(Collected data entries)
● ● ●

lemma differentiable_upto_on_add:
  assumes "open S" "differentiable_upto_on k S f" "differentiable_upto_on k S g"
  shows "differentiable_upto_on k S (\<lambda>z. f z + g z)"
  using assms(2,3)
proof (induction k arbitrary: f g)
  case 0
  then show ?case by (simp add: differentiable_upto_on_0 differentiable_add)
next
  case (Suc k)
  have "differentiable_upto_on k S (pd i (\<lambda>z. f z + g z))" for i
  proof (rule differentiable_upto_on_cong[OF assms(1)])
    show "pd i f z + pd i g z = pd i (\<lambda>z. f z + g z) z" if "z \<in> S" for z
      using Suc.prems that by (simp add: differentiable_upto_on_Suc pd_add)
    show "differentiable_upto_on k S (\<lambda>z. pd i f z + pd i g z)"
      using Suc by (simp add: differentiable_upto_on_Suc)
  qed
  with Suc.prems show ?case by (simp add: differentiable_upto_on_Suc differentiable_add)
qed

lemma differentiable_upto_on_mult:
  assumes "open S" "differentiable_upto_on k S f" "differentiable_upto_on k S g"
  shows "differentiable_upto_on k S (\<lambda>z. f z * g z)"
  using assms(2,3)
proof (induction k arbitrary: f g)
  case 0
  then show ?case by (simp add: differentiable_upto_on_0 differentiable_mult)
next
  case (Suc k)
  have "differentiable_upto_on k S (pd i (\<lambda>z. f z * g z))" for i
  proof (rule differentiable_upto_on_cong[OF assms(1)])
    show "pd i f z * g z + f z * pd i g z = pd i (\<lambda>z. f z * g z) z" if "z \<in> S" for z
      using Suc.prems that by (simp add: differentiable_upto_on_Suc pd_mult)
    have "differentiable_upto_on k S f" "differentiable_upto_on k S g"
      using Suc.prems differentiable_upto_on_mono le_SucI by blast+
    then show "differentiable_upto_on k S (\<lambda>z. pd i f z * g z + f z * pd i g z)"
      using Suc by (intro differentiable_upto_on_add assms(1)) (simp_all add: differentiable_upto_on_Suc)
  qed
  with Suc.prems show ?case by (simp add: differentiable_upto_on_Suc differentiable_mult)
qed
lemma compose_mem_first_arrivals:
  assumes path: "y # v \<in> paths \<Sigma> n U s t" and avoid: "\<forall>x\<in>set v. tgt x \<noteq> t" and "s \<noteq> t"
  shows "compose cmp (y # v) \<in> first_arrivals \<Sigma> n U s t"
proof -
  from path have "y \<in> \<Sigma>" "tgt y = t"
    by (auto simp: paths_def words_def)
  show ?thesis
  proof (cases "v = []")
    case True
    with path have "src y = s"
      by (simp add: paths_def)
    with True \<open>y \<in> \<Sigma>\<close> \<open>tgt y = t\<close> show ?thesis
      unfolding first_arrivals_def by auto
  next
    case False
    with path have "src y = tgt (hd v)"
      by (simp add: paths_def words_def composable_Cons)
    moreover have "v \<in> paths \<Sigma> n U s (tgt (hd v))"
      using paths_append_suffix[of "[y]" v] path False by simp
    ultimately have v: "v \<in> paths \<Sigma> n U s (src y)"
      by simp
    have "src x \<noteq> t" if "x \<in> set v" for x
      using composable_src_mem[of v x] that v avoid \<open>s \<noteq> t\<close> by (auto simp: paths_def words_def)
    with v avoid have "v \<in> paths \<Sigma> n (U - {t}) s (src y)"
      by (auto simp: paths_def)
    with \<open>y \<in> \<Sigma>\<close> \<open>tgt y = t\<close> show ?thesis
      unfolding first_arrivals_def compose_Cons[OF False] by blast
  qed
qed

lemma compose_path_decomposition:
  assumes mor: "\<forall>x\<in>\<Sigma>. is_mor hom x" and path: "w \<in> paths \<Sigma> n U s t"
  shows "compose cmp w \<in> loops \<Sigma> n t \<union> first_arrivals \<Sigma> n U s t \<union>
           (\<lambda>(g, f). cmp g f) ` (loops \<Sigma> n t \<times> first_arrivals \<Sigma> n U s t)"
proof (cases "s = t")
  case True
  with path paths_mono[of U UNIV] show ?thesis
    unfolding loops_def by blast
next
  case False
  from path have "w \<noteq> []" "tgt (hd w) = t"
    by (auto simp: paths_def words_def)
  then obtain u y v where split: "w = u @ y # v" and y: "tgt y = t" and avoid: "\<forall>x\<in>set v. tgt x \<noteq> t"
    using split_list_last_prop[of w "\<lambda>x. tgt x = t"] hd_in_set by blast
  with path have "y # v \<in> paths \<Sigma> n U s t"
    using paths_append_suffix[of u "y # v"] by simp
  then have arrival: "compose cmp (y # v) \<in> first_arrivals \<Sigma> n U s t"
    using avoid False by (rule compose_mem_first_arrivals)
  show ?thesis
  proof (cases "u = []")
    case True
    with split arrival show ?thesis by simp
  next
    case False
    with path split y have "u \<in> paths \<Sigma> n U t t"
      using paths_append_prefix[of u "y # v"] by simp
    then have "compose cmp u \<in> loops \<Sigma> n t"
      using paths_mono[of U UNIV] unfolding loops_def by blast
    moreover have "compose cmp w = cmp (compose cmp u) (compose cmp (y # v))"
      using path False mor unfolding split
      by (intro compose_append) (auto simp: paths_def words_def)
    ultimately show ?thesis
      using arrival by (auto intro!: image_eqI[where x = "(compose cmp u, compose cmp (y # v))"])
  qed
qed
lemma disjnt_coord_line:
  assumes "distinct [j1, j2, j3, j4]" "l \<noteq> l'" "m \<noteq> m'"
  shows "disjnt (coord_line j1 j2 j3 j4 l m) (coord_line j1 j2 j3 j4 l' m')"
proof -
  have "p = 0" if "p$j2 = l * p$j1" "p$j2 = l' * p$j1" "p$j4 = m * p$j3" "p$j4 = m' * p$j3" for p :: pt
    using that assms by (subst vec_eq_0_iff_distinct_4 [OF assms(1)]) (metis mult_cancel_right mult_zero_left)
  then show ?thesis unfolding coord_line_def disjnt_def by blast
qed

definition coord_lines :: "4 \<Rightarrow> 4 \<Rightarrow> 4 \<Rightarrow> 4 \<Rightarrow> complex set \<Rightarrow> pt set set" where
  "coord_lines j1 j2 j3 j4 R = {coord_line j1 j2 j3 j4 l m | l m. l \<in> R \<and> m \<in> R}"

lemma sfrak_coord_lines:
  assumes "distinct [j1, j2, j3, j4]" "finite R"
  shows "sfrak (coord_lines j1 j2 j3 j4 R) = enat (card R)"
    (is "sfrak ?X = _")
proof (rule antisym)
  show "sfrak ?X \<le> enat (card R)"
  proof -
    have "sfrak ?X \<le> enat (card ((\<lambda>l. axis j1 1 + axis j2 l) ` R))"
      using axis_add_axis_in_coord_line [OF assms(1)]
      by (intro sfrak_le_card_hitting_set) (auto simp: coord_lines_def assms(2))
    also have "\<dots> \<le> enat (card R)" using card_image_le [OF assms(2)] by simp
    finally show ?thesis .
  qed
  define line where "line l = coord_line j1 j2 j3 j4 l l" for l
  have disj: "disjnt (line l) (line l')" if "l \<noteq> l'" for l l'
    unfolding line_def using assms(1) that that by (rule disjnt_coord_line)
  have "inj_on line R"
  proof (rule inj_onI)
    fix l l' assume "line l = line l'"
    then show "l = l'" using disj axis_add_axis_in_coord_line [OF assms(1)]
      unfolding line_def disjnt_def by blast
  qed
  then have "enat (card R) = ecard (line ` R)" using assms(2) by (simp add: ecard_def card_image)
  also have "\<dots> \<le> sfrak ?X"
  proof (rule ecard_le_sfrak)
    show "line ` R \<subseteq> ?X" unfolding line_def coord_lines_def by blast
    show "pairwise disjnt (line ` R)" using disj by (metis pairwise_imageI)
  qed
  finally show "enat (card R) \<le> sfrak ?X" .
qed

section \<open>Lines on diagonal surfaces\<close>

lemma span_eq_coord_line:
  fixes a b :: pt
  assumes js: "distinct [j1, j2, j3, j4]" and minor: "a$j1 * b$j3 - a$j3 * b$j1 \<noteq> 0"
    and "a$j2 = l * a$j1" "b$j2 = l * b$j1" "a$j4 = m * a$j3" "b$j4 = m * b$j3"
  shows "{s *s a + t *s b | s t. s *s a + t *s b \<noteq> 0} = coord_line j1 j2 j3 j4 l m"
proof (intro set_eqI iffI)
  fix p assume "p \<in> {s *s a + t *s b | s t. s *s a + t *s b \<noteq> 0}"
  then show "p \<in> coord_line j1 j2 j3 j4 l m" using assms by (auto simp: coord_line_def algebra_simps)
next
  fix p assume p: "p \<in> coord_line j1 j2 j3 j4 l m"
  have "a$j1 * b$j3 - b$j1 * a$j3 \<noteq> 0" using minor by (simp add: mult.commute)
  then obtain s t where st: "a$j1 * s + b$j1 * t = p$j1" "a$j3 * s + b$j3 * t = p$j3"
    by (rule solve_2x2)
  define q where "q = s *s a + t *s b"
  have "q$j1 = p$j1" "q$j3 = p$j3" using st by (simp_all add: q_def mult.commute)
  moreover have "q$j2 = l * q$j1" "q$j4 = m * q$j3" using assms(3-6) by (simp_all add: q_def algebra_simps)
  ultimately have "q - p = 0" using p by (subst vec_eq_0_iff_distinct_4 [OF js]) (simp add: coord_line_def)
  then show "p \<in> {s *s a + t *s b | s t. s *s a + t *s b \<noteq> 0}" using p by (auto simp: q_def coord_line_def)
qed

● ● ●

Lines that hold "close" are the ones to copy, so pick each out from the data.

    with True \<open>y \<in> \<Sigma>\<close> \<open>tgt y = t\<close> show ?thesis
      using composable_src_mem[of v x] that v avoid \<open>s \<noteq> t\<close> by (auto simp: paths_def words_def)
    with \<open>y \<in> \<Sigma>\<close> \<open>tgt y = t\<close> show ?thesis
section \<open>Lines on diagonal surfaces\<close>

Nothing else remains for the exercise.